Exercise requirements:
From the data below, copy exactly the lines that lie between the one holding "set \<Rightarrow> 'w set" and the one holding "(* Suppose a", including both, and nothing more.

Exercise data:

(* Let $G$ be a connected (finite, simple) graph, $\mathcal{F}$ a maximum induced forest of $G$, $S=V(G)\setminus V(\mathcal{F})$, $H$ the contracted graph, and $B$ a skeleton of $H$ with the maximum possible number of 2-edges among all skeletons (all as defined in the context). Let $L_S$ be the set of vertices of $S$ that are leaves of $B$ and let $B_1=B[V(B)\setminus L_S]$ (the inner skeleton). Then every leaf of $B_1$ is a tree vertex.
   Context: A maximum induced forest of $G$ is an induced forest of $G$ with the maximum number of vertices. Let $\mathcal{T}$ be the set of connected components (trees) of $\mathcal{F}$ and $S=V(G)\setminus V(\mathcal{F})$. The graph $H$ has vertex set $\{x_T : T\in\mathcal{T}\}\cup S$ (the $x_T$ are called tree vertices, the vertices of $S$ non-tree vertices) and edge set consisting of all edges of $G[S]$ together with all pairs $ux_T$ with $u\in S$, $T\in\mathcal{T}$ such that $u$ has at least one neighbor in $V(T)$ in $G$. An edge $ux_T$ of $H$ is a 2-edge if $u$ has at least two neighbors in $V(T)$ in $G$; all other edges of $H$ (including all edges with both endpoints in $S$) are 1-edges. A skeleton is a spanning tree of $H$ rooted at some tree vertex, with all edges directed towards the root (an in-arborescence). A leaf is a vertex of total degree 1. *)

theory Defs
  imports Main
begin

definition simple_graph :: "'v set \<Rightarrow> 'v set set \<Rightarrow> bool" where
  "simple_graph V E \<longleftrightarrow> finite V \<and> (\<forall>e\<in>E. e \<subseteq> V \<and> card e = 2)"

definition reach :: "'v set set \<Rightarrow> 'v \<Rightarrow> 'v \<Rightarrow> bool" where
  "reach E = (\<lambda>x y. {x, y} \<in> E)\<^sup>*\<^sup>*"

definition connected_graph :: "'v set \<Rightarrow> 'v set set \<Rightarrow> bool" where
  "connected_graph V E \<longleftrightarrow> (\<forall>u\<in>V. \<forall>v\<in>V. reach E u v)"

definition is_cycle :: "'v set \<Rightarrow> 'v set set \<Rightarrow> 'v list \<Rightarrow> bool" where
  "is_cycle V E xs \<longleftrightarrow> length xs \<ge> 3 \<and> distinct xs \<and> set xs \<subseteq> V \<and>
     (\<forall>i. Suc i < length xs \<longrightarrow> {xs ! i, xs ! Suc i} \<in> E) \<and> {last xs, hd xs} \<in> E"

definition acyclic_graph :: "'v set \<Rightarrow> 'v set set \<Rightarrow> bool" where
  "acyclic_graph V E \<longleftrightarrow> (\<nexists>xs. is_cycle V E xs)"

definition is_tree_graph :: "'v set \<Rightarrow> 'v set set \<Rightarrow> bool" where
  "is_tree_graph V E \<longleftrightarrow> simple_graph V E \<and> V \<noteq> {} \<and> connected_graph V E \<and> acyclic_graph V E"

definition induced_edges :: "'v set set \<Rightarrow> 'v set \<Rightarrow> 'v set set" where
  "induced_edges E X = {e \<in> E. e \<subseteq> X}"

definition induced_forest :: "'v set \<Rightarrow> 'v set set \<Rightarrow> 'v set \<Rightarrow> bool" where
  "induced_forest V E F \<longleftrightarrow> F \<subseteq> V \<and> acyclic_graph F (induced_edges E F)"

definition max_induced_forest :: "'v set \<Rightarrow> 'v set set \<Rightarrow> 'v set \<Rightarrow> bool" where
  "max_induced_forest V E F \<longleftrightarrow> induced_forest V E F \<and>
     (\<forall>F'. induced_forest V E F' \<longrightarrow> card F' \<le> card F)"

definition components :: "'v set set \<Rightarrow> 'v set \<Rightarrow> 'v set set" where
  "components E F = {{y. reach (induced_edges E F) x y} | x. x \<in> F}"

text \<open>The contracted graph H: tree vertices are Inl T (T the vertex set of a tree of F),
  non-tree vertices are Inr u with u in S = V - F.\<close>
definition H_verts :: "'v set \<Rightarrow> 'v set set \<Rightarrow> 'v set \<Rightarrow> ('v set + 'v) set" where
  "H_verts V E F = Inl ` components E F \<union> Inr ` (V - F)"

definition H_edges :: "'v set \<Rightarrow> 'v set set \<Rightarrow> 'v set \<Rightarrow> ('v set + 'v) set set" where
  "H_edges V E F =
     {{Inr u, Inr v} | u v. u \<in> V - F \<and> v \<in> V - F \<and> {u, v} \<in> E} \<union>
     {{Inr u, Inl T} | u T. u \<in> V - F \<and> T \<in> components E F \<and> (\<exists>w\<in>T. {u, w} \<in> E)}"

definition two_edge :: "'v set \<Rightarrow> 'v set set \<Rightarrow> 'v set \<Rightarrow> ('v set + 'v) set \<Rightarrow> bool" where
  "two_edge V E F e \<longleftrightarrow> (\<exists>u T. e = {Inr u, Inl T} \<and> u \<in> V - F \<and> T \<in> components E F \<and>
       2 \<le> card {w \<in> T. {u, w} \<in> E})"

text \<open>A skeleton: a spanning tree B (edge set) of H, rooted at a tree vertex r; edges are
  oriented towards r (the orientation is determined by B and r).\<close>
definition skeleton :: "'v set \<Rightarrow> 'v set set \<Rightarrow> 'v set \<Rightarrow> ('v set + 'v) \<Rightarrow> ('v set + 'v) set set \<Rightarrow> bool" where
  "skeleton V E F r B \<longleftrightarrow> B \<subseteq> H_edges V E F \<and> is_tree_graph (H_verts V E F) B \<and>
     r \<in> Inl ` components E F"

definition num_two_edges :: "'v set \<Rightarrow> 'v set set \<Rightarrow> 'v set \<Rightarrow> ('v set + 'v) set set \<Rightarrow> nat" where
  "num_two_edges V E F B = card {e \<in> B. two_edge V E F e}"

definition degree :: "'w set set \<Rightarrow> 'w \<Rightarrow> nat" where
  "degree B v = card {e \<in> B. v \<in> e}"

definition is_leaf :: "'w set \<Rightarrow> 'w set set \<Rightarrow> 'w \<Rightarrow> bool" where
  "is_leaf W B v \<longleftrightarrow> v \<in> W \<and> degree B v = 1"

end

theory Submission
  imports Defs
begin

(* Suppose a leaf x of the inner skeleton were a non-tree vertex. Since x is not a leaf of B,
  one of its edges in B joins it to a non-tree leaf y of B, and xy is a 1-edge. By maximality
  of the induced forest, adding y to it closes a cycle, so y has two neighbours in some tree T.
  Reattaching the leaf y to x_T instead of x keeps B a spanning tree and gains a 2-edge,
  contradicting the choice of B. *)

lemma reach_refl: "reach E a a"
  unfolding reach_def by simp

lemma reach_edge: "{a, b} \<in> E \<Longrightarrow> reach E a b"
  unfolding reach_def by auto

lemma reach_trans: "reach E a b \<Longrightarrow> reach E b c \<Longrightarrow> reach E a c"
  unfolding reach_def by simp

lemma reach_sym: "reach E a b \<Longrightarrow> reach E b a"
proof -
  have "symp (\<lambda>x y. {x, y} \<in> E)"
    by (simp add: symp_def insert_commute)
  then show "reach E a b \<Longrightarrow> reach E b a"
    unfolding reach_def by (blast dest: sympD[OF symp_rtranclp])
qed

lemma reach_mono: "E \<subseteq> E' \<Longrightarrow> reach E a b \<Longrightarrow> reach E' a b"
  unfolding reach_def by (metis (no_types, lifting) mono_rtranclp subsetD)

lemma reach_without_pendant_edge:
  assumes pendant: "\<forall>e\<in>B. y \<in> e \<longrightarrow> e = {x, y}"
    and "reach B a b" "a \<noteq> y" "b \<noteq> y"
  shows "reach (B - {{x, y}}) a b"
proof -
  \<comment> \<open>A walk can enter the pendant vertex y only from x, so cutting it off there ends at x.\<close>
  have "reach (B - {{x, y}}) a (if c = y then x else c)" if "reach B a c" for c
    using that unfolding reach_def
  proof (induction rule: rtranclp_induct)
    case base
    then show ?case using \<open>a \<noteq> y\<close> by simp
  next
    case (step c d)
    consider "c = y" | "c \<noteq> y" "d = y" | "c \<noteq> y" "d \<noteq> y" by blast
    then show ?case
    proof cases
      case 1
      then have "d \<in> {x, y}" using pendant step.hyps(2) by blast
      then show ?thesis using 1 step.IH by auto
    next
      case 2
      then have "c = x" using pendant step.hyps(2) by (metis doubleton_eq_iff insertI1 insert_commute)
      then show ?thesis using 2 step.IH by simp
    next
      case 3
      then have "{c, d} \<in> B - {{x, y}}" using step.hyps(2) by auto
      then show ?thesis using 3 step.IH by (simp add: rtranclp.rtrancl_into_rtrancl)
    qed
  qed
  from this[OF \<open>reach B a b\<close>] show ?thesis using \<open>b \<noteq> y\<close> by simp
qed

lemma all_less_split_last:
  assumes "0 < (L::nat)"
  shows "(\<forall>i<L. Q i) \<longleftrightarrow> (\<forall>i. Suc i < L \<longrightarrow> Q i) \<and> Q (L - 1)"
proof -
  obtain m where L: "L = Suc m" using assms gr0_implies_Suc by blast
  have "(\<forall>i<Suc m. Q i) \<longleftrightarrow> (\<forall>i<m. Q i) \<and> Q m" by (auto simp: less_Suc_eq)
  then show ?thesis unfolding L by simp
qed

lemma is_cycle_iff_cyclic_adjacent:
  "is_cycle V E xs \<longleftrightarrow> 3 \<le> length xs \<and> distinct xs \<and> set xs \<subseteq> V \<and>
     (\<forall>i<length xs. {xs ! i, xs ! (Suc i mod length xs)} \<in> E)"
proof -
  have "(\<forall>i<length xs. {xs ! i, xs ! (Suc i mod length xs)} \<in> E) \<longleftrightarrow>
      (\<forall>i. Suc i < length xs \<longrightarrow> {xs ! i, xs ! Suc i} \<in> E) \<and> {last xs, hd xs} \<in> E"
    if "3 \<le> length xs"
  proof -
    let ?Q = "\<lambda>i. {xs ! i, xs ! (Suc i mod length xs)} \<in> E"
    have "(\<forall>i<length xs. ?Q i) \<longleftrightarrow> (\<forall>i. Suc i < length xs \<longrightarrow> ?Q i) \<and> ?Q (length xs - 1)"
      using that by (intro all_less_split_last) auto
    moreover have "?Q i \<longleftrightarrow> {xs ! i, xs ! Suc i} \<in> E" if "Suc i < length xs" for i
      using that by simp
    moreover have "?Q (length xs - 1) \<longleftrightarrow> {last xs, hd xs} \<in> E"
    proof -
      have "xs \<noteq> []" using that by auto
      then have "last xs = xs ! (length xs - 1)" "hd xs = xs ! 0"
        by (simp_all add: last_conv_nth hd_conv_nth)
      moreover have "Suc (length xs - 1) = length xs" using that by simp
      ultimately show ?thesis by simp
    qed
    ultimately show ?thesis by auto
  qed
  then show ?thesis unfolding is_cycle_def by blast
qed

The completed task:
definition is_leaf :: "'w set \<Rightarrow> 'w set set \<Rightarrow> 'w \<Rightarrow> bool" where
  "is_leaf W B v \<longleftrightarrow> v \<in> W \<and> degree B v = 1"

end

theory Submission
  imports Defs
begin

(* Suppose a leaf x of the inner skeleton were a non-tree vertex. Since x is not a leaf of B,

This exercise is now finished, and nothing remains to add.